Independent fill using column letters

When columns are independent (not hierarchical), use independent mode. Reference columns by their Excel letter instead of header names - useful when headers are long or contain special characters.

$ xlfilldown xlsx \
    --infile inventory.xlsx \
    --insheet "Stock" \
    --header-row 1 \
    --fill-cols-letters A C E \
    --fill-mode independent \
    --outfile inventory_filled.xlsx

CLI

Replace an existing table on re-run

When running the same ingest repeatedly (e.g. weekly report refresh), use --if-exists replace to drop and recreate the table each time.

$ xlfilldown db \
    --infile weekly_report.xlsx \
    --insheet "Data" \
    --header-row 1 \
    --fill-cols '["Department","Team"]' \
    --db reports.db \
    --table weekly_headcount \
    --if-exists replace

CLI

Append incremental data

For incremental loads where each run adds new rows (e.g. monthly exports appended to an annual table).

$ xlfilldown db \
    --infile march_data.xlsx \
    --insheet "Sheet1" \
    --header-row 1 \
    --fill-cols '["Category","Subcategory"]' \
    --db annual.db \
    --table transactions \
    --row-hash \
    --excel-row-numbers \
    --if-exists append

Note: When appending, the existing table schema must exactly match the expected columns (including row_hash and excel_row if enabled). xlfilldown validates this before inserting.

CLI

Raw ingest for audit baseline

Load a sheet exactly as-is (no fill-down) but with audit columns. Useful for keeping a raw copy alongside the filled version for comparison.

# Raw copy
$ xlfilldown db \
    --infile data.xlsx --insheet "Sheet1" --header-row 1 \
    --ingest-mode raw \
    --db audit.db --table raw_data \
    --row-hash --excel-row-numbers --if-exists replace

# Filled copy in the same database
$ xlfilldown db \
    --infile data.xlsx --insheet "Sheet1" --header-row 1 \
    --fill-cols '["Region","Country"]' \
    --db audit.db --table filled_data \
    --row-hash --excel-row-numbers --if-exists replace

CLI

Filter rows with require-non-null

Drop rows where critical columns are blank after filling. Combine with --drop-blank-rows to also remove spacer rows.

$ xlfilldown db \
    --infile report.xlsx \
    --insheet "Financials" \
    --header-row 3 \
    --fill-cols '["Division","BU"]' \
    --drop-blank-rows \
    --require-non-null '["Division","Amount"]' \
    --db clean.db

Python API Recipes

Using xlfilldown programmatically in scripts and applications.

Python

Basic script usage

The simplest way to use xlfilldown in a Python script. Two lines to go from messy .xlsx to clean SQLite.
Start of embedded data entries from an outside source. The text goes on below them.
lemma normal_prod_density_second_moment:
  assumes "0 < s" and "i < L" and "j < L"
  shows "has_bochner_integral (obs_space L)
    (\<lambda>y. normal_prod_density L s a y * (y i * y j)) (a i * a j + (if i = j then s^2 else 0))"
proof (cases "i = j")
  case True
  then show ?thesis
    using has_bochner_integral_normal_prod_density_marginal[OF assms(1,2) normal_moment_nz_2[OF assms(1)]]
    by (simp add: power2_eq_square)
next
  case False
  then show ?thesis
    using has_bochner_integral_normal_prod_density_marginal2[OF assms False
        normal_moment_nz_1[OF assms(1)] normal_moment_nz_1[OF assms(1)]]
    by simp
qed

lemma mra_density_eq_mean:
  assumes "0 < s"
  shows "mra_density L s \<theta> y = (\<Sum>g<L. normal_prod_density L s (shift L g \<theta>) y) / real L"
  unfolding mra_density_def normal_prod_density_eq[OF assms] by simp

lemma has_bochner_integral_mra_density_mult:
  assumes "0 < s"
    and "\<And>g. g < L \<Longrightarrow>
      has_bochner_integral (obs_space L) (\<lambda>y. normal_prod_density L s (shift L g \<theta>) y * f y) (v g)"
  shows "has_bochner_integral (obs_space L) (\<lambda>y. mra_density L s \<theta> y * f y) ((\<Sum>g<L. v g) / real L)"
proof -
  have "has_bochner_integral (obs_space L)
      (\<lambda>y. (\<Sum>g<L. normal_prod_density L s (shift L g \<theta>) y * f y) / real L) ((\<Sum>g<L. v g) / real L)"
    using assms(2) by (intro has_bochner_integral_divide_zero has_bochner_integral_sum) auto
  then show ?thesis
    by (simp add: mra_density_eq_mean[OF assms(1)] sum_distrib_right)
qed

lemma mra_density_integral:
  assumes "0 < s" and "1 \<le> L"
  shows "has_bochner_integral (obs_space L) (mra_density L s \<theta>) 1"
proof -
  have "has_bochner_integral (obs_space L) (\<lambda>y. mra_density L s \<theta> y * 1) ((\<Sum>g<L. 1) / real L)"
    using has_bochner_integral_normal_prod_density_prod[of L _ s "\<lambda>_ _. 1" "\<lambda>_. 1"]
      normal_moment_nz_0[OF assms(1)]
    by (intro has_bochner_integral_mra_density_mult[OF assms(1)]) simp
  then show ?thesis using assms(2) by simp
qed

lemma mra_density_second_moment:
  assumes "0 < s" and "1 \<le> L" and "i < L" and "j < L"
  shows "has_bochner_integral (obs_space L) (\<lambda>y. mra_density L s \<theta> y * (y i * y j))
    (moment2 L \<theta> i j + (if i = j then s^2 else 0))"
proof -
  have "has_bochner_integral (obs_space L) (\<lambda>y. mra_density L s \<theta> y * (y i * y j))
     ((\<Sum>g<L. shift L g \<theta> i * shift L g \<theta> j + (if i = j then s^2 else 0)) / real L)"
    using assms by (intro has_bochner_integral_mra_density_mult normal_prod_density_second_moment)
  also have "(\<Sum>g<L. shift L g \<theta> i * shift L g \<theta> j + (if i = j then s^2 else 0)) / real L
      = moment2 L \<theta> i j + (if i = j then s^2 else 0)"
    using assms(2) by (simp add: moment2_def sum.distrib field_simps)
  finally show ?thesis .
qed

lemma mra_density_quadratic_form:
  assumes "0 < s" and "1 \<le> L"
  shows "has_bochner_integral (obs_space L)
    (\<lambda>y. mra_density L s \<theta> y * (\<Sum>i<L. \<Sum>j<L. D i j * (y i * y j)))
    (\<Sum>i<L. \<Sum>j<L. D i j * (moment2 L \<theta> i j + (if i = j then s^2 else 0)))"
proof -
  have "has_bochner_integral (obs_space L)
      (\<lambda>y. \<Sum>i<L. \<Sum>j<L. D i j * (mra_density L s \<theta> y * (y i * y j)))
      (\<Sum>i<L. \<Sum>j<L. D i j * (moment2 L \<theta> i j + (if i = j then s^2 else 0)))"
    using assms
    by (intro has_bochner_integral_sum has_bochner_integral_mult_right mra_density_second_moment) auto
  then show ?thesis
    by (simp add: sum_distrib_left mult.left_commute)
qed

lemma sq_shift_le_sqnorm:
  assumes "i < L"
  shows "(shift L g \<theta> i)^2 \<le> sqnorm L \<theta>"
proof -
  have "(\<theta> ((i + g) mod L))^2 \<le> (\<Sum>k<L. (\<theta> k)^2)"
    using assms by (intro member_le_sum) auto
  then show ?thesis
    using assms by (simp add: shift_def sqnorm_def)
qed

lemma normal_fourth_moment_le:
  fixes a s B :: real
  assumes "a^2 \<le> B" and "1 \<le> s"
  shows "a^4 + 6 * a^2 * s^2 + 3 * s^4 \<le> (B^2 + 6 * B + 3) * s^4"
proof -
  have s2: "1 \<le> s^2" and s4: "s^2 \<le> s^4"
    using assms(2) power_increasing[of 2 4 s] by simp_all
  have "a^4 = (a^2)^2" by simp
  also have "\<dots> \<le> B^2" using assms(1) by (intro power_mono) auto
  also have "\<dots> \<le> B^2 * s^4" using mult_left_mono[of 1 "s^4" "B^2"] s2 s4 by simp
  finally have "a^4 \<le> B^2 * s^4" .
  moreover have "a^2 * s^2 \<le> B * s^4"
    using assms(1) s2 s4 by (meson mult_mono order_trans zero_le_power2 zero_le_one)
  ultimately show ?thesis by (simp add: algebra_simps)
qed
from xlfilldown.api import ingest_excel_to_sqlite

summary = ingest_excel_to_sqlite(
    file="report.xlsx",
    sheet="Sheet1",
    header_row=1,
    fill_cols=["Region", "Country"],
    db="output.db",
    row_hash=True,
    excel_row_numbers=True,
    if_exists="replace",
)

print(f"Ingested {summary['rows_ingested']} rows into {summary['table']}")
print(f"Columns: {summary['columns']}")

Python

Excel-to-Excel transformation

Read a messy .xlsx, fill it down, and write a clean .xlsx. No database involved.

from xlfilldown.api import ingest_excel_to_excel

summary = ingest_excel_to_excel(
    file="raw_export.xlsx",
    sheet="Data",
    header_row=1,
    fill_cols=["Department", "Team", "Role"],
    fill_mode="hierarchical",
    outfile="clean_export.xlsx",
    outsheet="Filled",
    drop_blank_rows=True,
    if_exists="replace",
)

print(f"Wrote {summary['rows_written']} rows")

Python

Process multiple sheets from one workbook

Loop through several sheets and load each into its own SQLite table.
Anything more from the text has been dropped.